Extracted records
lemma b0_homogenized:
  fixes M D :: rat
  assumes "D \<noteq> 0"
  shows "b0 (M/D) * D^4 = 36*(128941675300*M^4 + 235814377620*M^3*D + 34730973441*M^2*D^2
    - 216866857320*M*D^3 - 132565503600*D^4)"
  using assms by (simp add: b0_def field_simps power2_eq_square power3_eq_cube power4_eq_xxxx)

lemma b0_param_identity:
  fixes X Y :: rat
  shows "128941675300*(Y - 4137*X - 10278162909)^4
   + 235814377620*(Y - 4137*X - 10278162909)^3*(Y - 5083*X + 9890597769)
   + 34730973441*(Y - 4137*X - 10278162909)^2*(Y - 5083*X + 9890597769)^2
   - 216866857320*(Y - 4137*X - 10278162909)*(Y - 5083*X + 9890597769)^3
   - 132565503600*(Y - 5083*X + 9890597769)^4
   - 50054665441 * (X^3 - 63960129*X^2 - 336241770453*X - 7324204897998951507 + 196958361600*Y)^2
   = (Y^2 - X^3 - 336241770453*X - 77757946772431014)
     * (50054665441*Y^2 - 19717369791391002931200*Y + 50054665441*X^3 - 6403005717316403778*X^2
        + 273041544914190460738659681*X - 1939570221572164200467504866278348)"
  by algebra

lemma param_X_identity:
  fixes X Y :: rat
  shows "100109330882*((X^3 - 63960129*X^2 - 336241770453*X - 7324204897998951507 + 196958361600*Y)
      + (Y - 5083*X + 9890597769)^2)
    + 1075804923622*(946*X - 20168760678)*(Y - 5083*X + 9890597769)
    + 505274719367*(946*X - 20168760678)^2 - 223729*(946*X - 20168760678)^2*X
    = (Y^2 - X^3 - 336241770453*X - 77757946772431014) * 100109330882"
  by algebra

Task brief
May I have the entries returned exactly, with every line in place?

Exercise answer
lemma b0_homogenized:
  fixes M D :: rat
  assumes "D \<noteq> 0"
  shows "b0 (M/D) * D^4 = 36*(128941675300*M^4 + 235814377620*M^3*D + 34730973441*M^2*D^2
    - 216866857320*M*D^3 - 132565503600*D^4)"
  using assms by (simp add: b0_def field_simps power2_eq_square power3_eq_cube power4_eq_xxxx)

lemma b0_param_identity:
  fixes X Y :: rat
  shows "128941675300*(Y - 4137*X - 10278162909)^4
   + 235814377620*(Y - 4137*X - 10278162909)^3*(Y - 5083*X + 9890597769)
   + 34730973441*(Y - 4137*X - 10278162909)^2*(Y - 5083*X + 9890597769)^2
   - 216866857320*(Y - 4137*X - 10278162909)*(Y - 5083*X + 9890597769)^3
   - 132565503600*(Y - 5083*X + 9890597769)^4
   - 50054665441 * (X^3 - 63960129*X^2 - 336241770453*X - 7324204897998951507 + 196958361600*Y)^2
   = (Y^2 - X^3 - 336241770453*X - 77757946772431014)
     * (50054665441*Y^2 - 19717369791391002931200*Y + 50054665441*X^3 - 6403005717316403778*X^2
        + 273041544914190460738659681*X - 1939570221572164200467504866278348)"
  by algebra

lemma param_X_identity:
  fixes X Y :: rat
  shows "100109330882*((X^3 - 63960129*X^2 - 336241770453*X - 7324204897998951507 + 196958361600*Y)
      + (Y - 5083*X + 9890597769)^2)
    + 1075804923622*(946*X - 20168760678)*(Y - 5083*X + 9890597769)
    + 505274719367*(946*X - 20168760678)^2 - 223729*(946*X - 20168760678)^2*X
    = (Y^2 - X^3 - 336241770453*X - 77757946772431014) * 100109330882"
  by algebra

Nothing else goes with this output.